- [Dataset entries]
# # #
lemma pendant_edge_leaves:
  assumes x: "x \<in> X"
  shows "X \<inter> pendant_edge E x = {x}"
proof -
  let ?e = "pendant_edge E x"
  have e: "?e \<in> E" "x \<in> ?e" using edges_at_leaf[OF x] by auto
  then obtain w where w: "?e = {x, w}" "w \<noteq> x"
    using edge_doubleton by (metis doubleton_eq_iff insertE singletonD)
  have "w \<notin> X"
  proof
    assume wX: "w \<in> X"
    have "adj_rel E `` {x, w} \<subseteq> {x, w}"
    proof
      fix b assume "b \<in> adj_rel E `` {x, w}"
      then obtain a where a: "a \<in> {x, w}" "{a, b} \<in> E" by (auto simp: adj_rel_def)
      have "{a, b} = ?e"
      proof (cases "a = x")
        case False
        then have "a = w" using a(1) by simp
        have "{a, b} = pendant_edge E w"
          by (rule edge_at_leaf_eq_pendant_edge[OF wX a(2)]) (simp add: \<open>a = w\<close>)
        moreover have "?e = pendant_edge E w"
          by (rule edge_at_leaf_eq_pendant_edge[OF wX e(1)]) (simp add: w(1))
        ultimately show ?thesis by simp
      qed (use edge_at_leaf_eq_pendant_edge[OF x] a(2) in auto)
      then show "b \<in> {x, w}" using w by auto
    qed
    then have "(adj_rel E)\<^sup>* `` {x, w} = {x, w}" by (rule Image_closed_trancl)
    moreover have "X \<subseteq> (adj_rel E)\<^sup>* `` {x, w}"
      using connected X_subset_V x by blast
    ultimately have "card X \<le> card {x, w}" by (simp add: card_mono)
    also have "\<dots> \<le> 2" by (auto simp: card_insert_if)
    finally show False using three_le_card_X by simp
  qed
  then show ?thesis using w x by auto
qed

lemma pendant_edge_weight: "x \<in> X \<Longrightarrow> induced_weighting X s (pendant_edge E x) = s x"
  by (simp add: induced_weighting_def pendant_edge_leaves)

lemma path_edges_at_leaf:
  assumes x: "x \<in> X" and y: "y \<in> X" and xy: "x \<noteq> y" and z: "z \<in> X"
  shows "{e \<in> path_edges E x y. z \<in> e} = (if z = x \<or> z = y then {pendant_edge E z} else {})"
proof -
  have "(x, y) \<in> (adj_rel E)\<^sup>*" using connected X_subset_V x y by blast
  from is_path_exists[OF this] obtain ps where p: "is_path E ps x y" ..
  have P: "path_edges E x y = path_edge_set ps"
    by (rule path_edges_eq_path_edge_set[OF tree p])
  have sub: "{e \<in> path_edges E x y. z \<in> e} \<subseteq> {pendant_edge E z}"
    using edges_at_leaf[OF z] path_edge_set_subset[OF p] P by blast
  show ?thesis
  proof (cases "z = x \<or> z = y")
    case True
    then show ?thesis using sub is_path_ends_in_path_edges[OF p xy] P by auto
  next
    case False
    have "z \<notin> \<Union>(path_edge_set ps)"
    proof
      assume "z \<in> \<Union>(path_edge_set ps)"
      with p False obtain e e' where "e \<in> path_edge_set ps" "e' \<in> path_edge_set ps" "e \<noteq> e'"
        "z \<in> e" "z \<in> e'" by (elim is_path_inner_vertex) auto
      then show False using sub P by blast
    qed
    then show ?thesis using False P by auto
  qed
qed

lemma lam_induced_weighting:
  assumes x: "x \<in> X" and y: "y \<in> X" and xy: "x \<noteq> y"
  shows "lam E x y (induced_weighting X s) = s x + s y"
proof -
  let ?P = "path_edges E x y"
  have "finite ?P"
    using path_edges_eq_bridges[OF tree] X_subset_V x y finite_E by (simp add: subset_iff)
  then have "lam E x y (induced_weighting X s) = (\<Sum>z\<in>X. \<Sum>e\<in>{e \<in> ?P. z \<in> e}. s z)"
    using sum.swap_restrict[of ?P X "\<lambda>e z. s z" "\<lambda>e z. z \<in> e"] finite_X
    by (simp add: lam_def induced_weighting_def Int_def)
  also have "\<dots> = (\<Sum>z\<in>X. if z = x \<or> z = y then s z else 0)"
    using path_edges_at_leaf[OF x y xy] by (intro sum.cong) auto
  also have "\<dots> = (\<Sum>z \<in> {z \<in> X. z = x \<or> z = y}. s z)"
    by (rule sum.inter_filter[OF finite_X, symmetric])
  also have "{z \<in> X. z = x \<or> z = y} = {x, y}" using x y by blast
  finally show ?thesis using xy by simp
qed

lemma finite_cord_forms: "L \<subseteq> cords X \<Longrightarrow> finite (cord_forms E L)"
proof -
  assume "L \<subseteq> cords X"
  then have "cord_forms E L \<subseteq> (\<lambda>(x, y). lam E x y) ` (X \<times> X)"
    by (force simp: cord_forms_def cords_def)
  then show ?thesis using finite_X finite_subset by blast
qed

lemma cord_forms_mono: "L \<subseteq> L' \<Longrightarrow> cord_forms E L \<subseteq> cord_forms E L'"
  unfolding cord_forms_def by blast

lemma cord_forms_insert:
  assumes "x \<in> X" "y \<in> X" "x \<noteq> y"
  shows "cord_forms E (L \<union> {{x, y}}) = insert (lam E x y) (cord_forms E L)"
proof -
  have "x \<in> V" "y \<in> V" using X_subset_V assms by auto
  then have "lam E y x = lam E x y" by (simp add: lam_def path_edges_commute[OF tree])
  then show ?thesis using assms(3) unfolding cord_forms_def by (auto simp: doubleton_eq_iff)
qed

lemma lam_in_span_edge_evals:
  assumes "x \<in> V" "y \<in> V"
  shows "lam E x y \<in> VS.span (edge_eval ` E)"
proof -
  have "path_edges E x y \<subseteq> E" using path_edges_eq_bridges[OF tree assms] by blast
  moreover have "lam E x y = (\<Sum>e\<in>path_edges E x y. edge_eval e)"
    by (simp add: fun_eq_iff lam_def edge_eval_def sum_apply)
  ultimately show ?thesis by (auto intro: VS.span_sum VS.span_base)
qed

lemma cord_forms_in_span_edge_evals: "L \<subseteq> cords X \<Longrightarrow> cord_forms E L \<subseteq> VS.span (edge_eval ` E)"
  using lam_in_span_edge_evals X_subset_V by (force simp: cord_forms_def cords_def)

lemma dim_le_card_E: "T \<subseteq> VS.span (edge_eval ` E) \<Longrightarrow> VS.dim T \<le> card E"
  using VS.dim_le_card[of T "edge_eval ` E"] finite_E card_image_le[OF finite_E, of edge_eval]
  by simp

lemma rk_mono: "L \<subseteq> L' \<Longrightarrow> L' \<subseteq> cords X \<Longrightarrow> rk E L \<le> rk E L'"
  unfolding rk_eq_dim_cord_forms
  by (rule VS.dim_mono_if_finite[OF finite_cord_forms]) (auto dest!: cord_forms_mono intro: VS.span_base)

lemma rk_insert_le:
  assumes "L \<subseteq> cords X" "c \<in> cords X"
  shows "rk E (L \<union> {c}) \<le> Suc (rk E L)"
proof -
  obtain x y where xy: "c = {x, y}" "x \<noteq> y" "x \<in> X" "y \<in> X" using assms(2) by (rule cordsE)
  show ?thesis
    unfolding rk_eq_dim_cord_forms xy(1) cord_forms_insert[OF xy(3,4,2)]
    using VS.dim_insert_if_finite[OF finite_cord_forms[OF assms(1)], of "lam E x y"] by simp
qed

lemma cord_forms_vanish_signed:
  assumes L: "L \<subseteq> cords X" "L \<subseteq> join A B" "A \<inter> B = {}"
    and C: "\<And>x y. {x, y} \<in> L \<Longrightarrow> x \<in> C \<longleftrightarrow> y \<in> C" and f: "f \<in> cord_forms E L"
  shows "f (induced_weighting X (signed_indicator A C)) = 0"
proof -
  obtain x y where xy: "f = lam E x y" "{x, y} \<in> L" "x \<noteq> y"
    using f by (auto simp: cord_forms_def)
  then have "x \<in> X" "y \<in> X" using L(1) by (auto simp: cords_def)
  then have "f (induced_weighting X (signed_indicator A C))
      = signed_indicator A C x + signed_indicator A C y"
    using lam_induced_weighting xy(1,3) by simp
  moreover have "{x, y} \<in> join A B" using xy(2) L(2) by blast
  then have "(x \<in> A \<and> y \<in> B) \<or> (x \<in> B \<and> y \<in> A)"
    by (simp add: doubleton_in_join_iff[OF L(3)])
  ultimately show ?thesis
    using C[OF xy(2)] L(3) unfolding signed_indicator_def by auto
qed

lemma pendant_edge_signed_indicator:
  "x \<in> X \<Longrightarrow> edge_eval (pendant_edge E x) (induced_weighting X (signed_indicator A C)) \<noteq> 0 \<longleftrightarrow> x \<in> C"
  by (simp add: edge_eval_def pendant_edge_weight signed_indicator_def)

lemma edge_eval_pendant_edge_in_span: "x \<in> X \<Longrightarrow> edge_eval (pendant_edge E x) \<in> VS.span (edge_eval ` E)"
  using edges_at_leaf by (blast intro: VS.span_base)

lemma rk_lt_card_if_bipartite:
  assumes L: "L \<subseteq> cords X" "L \<subseteq> join A B" "A \<inter> B = {}"
  shows "rk E L < card E"
proof -
  obtain x where x: "x \<in> X" using three_le_card_X by fastforce
  let ?\<omega> = "induced_weighting X (signed_indicator A UNIV)"
  let ?g = "edge_eval (pendant_edge E x)"
  have "Suc (rk E L) = VS.dim (insert ?g (cord_forms E L))"
    unfolding rk_eq_dim_cord_forms
    by (rule dim_insert_nonvanishing[symmetric, OF finite_cord_forms[OF L(1)], of ?\<omega>])
      (use cord_forms_vanish_signed[OF L, of UNIV] pendant_edge_signed_indicator[OF x, of A UNIV]
        in auto)
  also have "\<dots> \<le> card E"
    using cord_forms_in_span_edge_evals[OF L(1)] edge_eval_pendant_edge_in_span[OF x]
    by (intro dim_le_card_E) blast
  finally show ?thesis by simp
qed

lemma rk_insert_same_side:
  assumes L: "L \<subseteq> cords X" "L \<subseteq> join A B" "A \<inter> B = {}"
    and a: "a \<in> X" "a' \<in> X" "a \<noteq> a'" "a \<in> A \<longleftrightarrow> a' \<in> A"
  shows "rk E (L \<union> {{a, a'}}) = Suc (rk E L)"
  unfolding rk_eq_dim_cord_forms cord_forms_insert[OF a(1-3)]
  by (rule dim_insert_nonvanishing[OF finite_cord_forms[OF L(1)]])
    (use cord_forms_vanish_signed[OF L, of UNIV] lam_induced_weighting[OF a(1-3)] a(4) in
      \<open>auto simp: signed_indicator_def\<close>)

lemma rk_le_if_disconnected:
  assumes L: "L \<subseteq> cords X" "L \<subseteq> join A B" "A \<inter> B = {}"
    and disconnected: "\<not> cords_connected X L"
  shows "Suc (Suc (rk E L)) \<le> card E"
proof -
  obtain u v where uv: "u \<in> X" "v \<in> X" "(u, v) \<notin> (adj_rel L)\<^sup>*"
    using disconnected unfolding cords_connected_def graph_connected_def by blast
  define C where "C = (adj_rel L)\<^sup>* `` {u}"
  have C_closed: "x \<in> C \<longleftrightarrow> y \<in> C" if "{x, y} \<in> L" for x y
  proof -
    have "(x, y) \<in> (adj_rel L)\<^sup>= \<and> (y, x) \<in> (adj_rel L)\<^sup>="
      using that by (auto simp: adj_rel_def insert_commute)
    then show ?thesis unfolding C_def by (auto intro: rtrancl_into_rtrancl)
  qed
  then have C'_closed: "x \<in> - C \<longleftrightarrow> y \<in> - C" if "{x, y} \<in> L" for x y
    using that by blast
  have "u \<in> C" "v \<notin> C" using uv(3) by (auto simp: C_def)
  let ?\<omega>1 = "induced_weighting X (signed_indicator A C)"
  let ?\<omega>2 = "induced_weighting X (signed_indicator A (- C))"
  let ?g1 = "edge_eval (pendant_edge E u)" and ?g2 = "edge_eval (pendant_edge E v)"
  let ?S = "cord_forms E L"
  have fin: "finite ?S" by (rule finite_cord_forms[OF L(1)])
  have g1: "?g1 ?\<omega>1 \<noteq> 0" "?g1 ?\<omega>2 = 0" and g2: "?g2 ?\<omega>2 \<noteq> 0"
    using pendant_edge_signed_indicator[OF uv(1), of A] pendant_edge_signed_indicator[OF uv(2), of A]
      \<open>u \<in> C\<close> \<open>v \<notin> C\<close> by auto
  have "Suc (rk E L) = VS.dim (insert ?g1 ?S)"
    unfolding rk_eq_dim_cord_forms
    by (rule dim_insert_nonvanishing[symmetric, OF fin, of ?\<omega>1])
      (use cord_forms_vanish_signed[OF L C_closed] g1 in auto)
  moreover have "VS.dim (insert ?g2 (insert ?g1 ?S)) = Suc (VS.dim (insert ?g1 ?S))"
    by (rule dim_insert_nonvanishing[of _ ?\<omega>2])
      (use fin cord_forms_vanish_signed[OF L C'_closed] g1 g2 in auto)
  moreover have "VS.dim (insert ?g2 (insert ?g1 ?S)) \<le> card E"
    using cord_forms_in_span_edge_evals[OF L(1)] edge_eval_pendant_edge_in_span uv(1,2)
    by (intro dim_le_card_E) blast
  ultimately show ?thesis by simp
qed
# # #
- [Your assignment] Search the records for lines holding the word "shows", then copy each line you find.

- [Exercise result]
  shows "X \<inter> pendant_edge E x = {x}"
  shows "{e \<in> path_edges E x y. z \<in> e} = (if z = x \<or> z = y then {pendant_edge E z} else {})"
  shows "lam E x y (induced_weighting X s) = s x + s y"
  shows "cord_forms E (L \<union> {{x, y}}) = insert (lam E x y) (cord_forms E L)"
  shows "lam E x y \<in> VS.span (edge_eval ` E)"
  shows "rk E (L \<union> {c}) \<le> Suc (rk E L)"
  shows "f (induced_weighting X (signed_indicator A C)) = 0"
  shows "rk E L < card E"
  shows "rk E (L \<union> {{a, a'}}) = Suc (rk E L)"
  shows "Suc (Suc (rk E L)) \<le> card E"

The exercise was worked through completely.